Task prompt: Look below for the line containing "a = (\<lambda>x."; write out that line and each one after it to the end, exactly, and nothing else.

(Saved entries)
◇ ◇ ◇

(* Let $\mathcal A$ be a Banach algebra and $I$ a closed two-sided ideal of $\mathcal A$ with $\mathcal A^2\subseteq I$. If $\mathcal A$ is $I$-weakly amenable, then $\mathcal A^2$ is dense in $I$.
   Context: $\mathcal A^2$ denotes the linear span of $\{ab:a,b\in\mathcal A\}$. $I^*$ is a Banach $\mathcal A$-bimodule with $\langle x,a\cdot f\rangle=\langle xa,f\rangle$, $\langle x,f\cdot a\rangle=\langle ax,f\rangle$. $\mathcal A$ is $I$-weakly amenable if every derivation $D:\mathcal A\to I^*$ (continuous linear map with $D(ab)=a\cdot D(b)+D(a)\cdot b$) is inner, i.e. $D(a)=a\cdot f-f\cdot a$ for some $f\in I^*$. *)

theory Defs
  imports "HOL-Analysis.Analysis"
begin

text \<open>Banach algebras are modelled by the type class real_normed_algebra + banach
  (real scalars, not necessarily unital or commutative).\<close>

definition closed_two_sided_ideal :: "'a::{real_normed_algebra,banach} set \<Rightarrow> bool" where
  "closed_two_sided_ideal I \<longleftrightarrow> subspace I \<and> closed I \<and>
     (\<forall>a x. x \<in> I \<longrightarrow> a * x \<in> I \<and> x * a \<in> I)"

text \<open>Elements of the dual space I^*: bounded linear functionals on the subspace I
  (a function on the whole algebra, only its values on I matter).\<close>
definition dual_elem :: "'a::real_normed_vector set \<Rightarrow> ('a \<Rightarrow> real) \<Rightarrow> bool" where
  "dual_elem I f \<longleftrightarrow> (\<forall>x\<in>I. \<forall>y\<in>I. f (x + y) = f x + f y) \<and>
     (\<forall>c. \<forall>x\<in>I. f (c *\<^sub>R x) = c * f x) \<and>
     (\<exists>K. \<forall>x\<in>I. \<bar>f x\<bar> \<le> K * norm x)"

definition lmod :: "'a::real_normed_algebra \<Rightarrow> ('a \<Rightarrow> real) \<Rightarrow> ('a \<Rightarrow> real)" where
  "lmod a f = (\<lambda>x. f (x * a))"

definition rmod :: "('a \<Rightarrow> real) \<Rightarrow> 'a::real_normed_algebra \<Rightarrow> ('a \<Rightarrow> real)" where
  "rmod f a = (\<lambda>x. f (a * x))"

text \<open>Continuous derivations D : A \<rightarrow> I^*; equalities in I^* are equalities on I.\<close>
definition ideal_derivation ::
  "'a::{real_normed_algebra,banach} set \<Rightarrow> ('a \<Rightarrow> 'a \<Rightarrow> real) \<Rightarrow> bool" where
  "ideal_derivation I D \<longleftrightarrow>
     (\<forall>a. dual_elem I (D a)) \<and>
     (\<forall>a b. \<forall>x\<in>I. D (a + b) x = D a x + D b x) \<and>
     (\<forall>c a. \<forall>x\<in>I. D (c *\<^sub>R a) x = c * D a x) \<and>
     (\<exists>K. \<forall>a. \<forall>x\<in>I. \<bar>D a x\<bar> \<le> K * norm a * norm x) \<and>
     (\<forall>a b. \<forall>x\<in>I. D (a * b) x = lmod a (D b) x + rmod (D a) b x)"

◇ ◇ ◇

Exercise response:
  "rmod f a = (\<lambda>x. f (a * x))"

text \<open>Continuous derivations D : A \<rightarrow> I^*; equalities in I^* are equalities on I.\<close>
definition ideal_derivation ::
  "'a::{real_normed_algebra,banach} set \<Rightarrow> ('a \<Rightarrow> 'a \<Rightarrow> real) \<Rightarrow> bool" where
  "ideal_derivation I D \<longleftrightarrow>
     (\<forall>a. dual_elem I (D a)) \<and>
     (\<forall>a b. \<forall>x\<in>I. D (a + b) x = D a x + D b x) \<and>
     (\<forall>c a. \<forall>x\<in>I. D (c *\<^sub>R a) x = c * D a x) \<and>
     (\<exists>K. \<forall>a. \<forall>x\<in>I. \<bar>D a x\<bar> \<le> K * norm a * norm x) \<and>
     (\<forall>a b. \<forall>x\<in>I. D (a * b) x = lmod a (D b) x + rmod (D a) b x)"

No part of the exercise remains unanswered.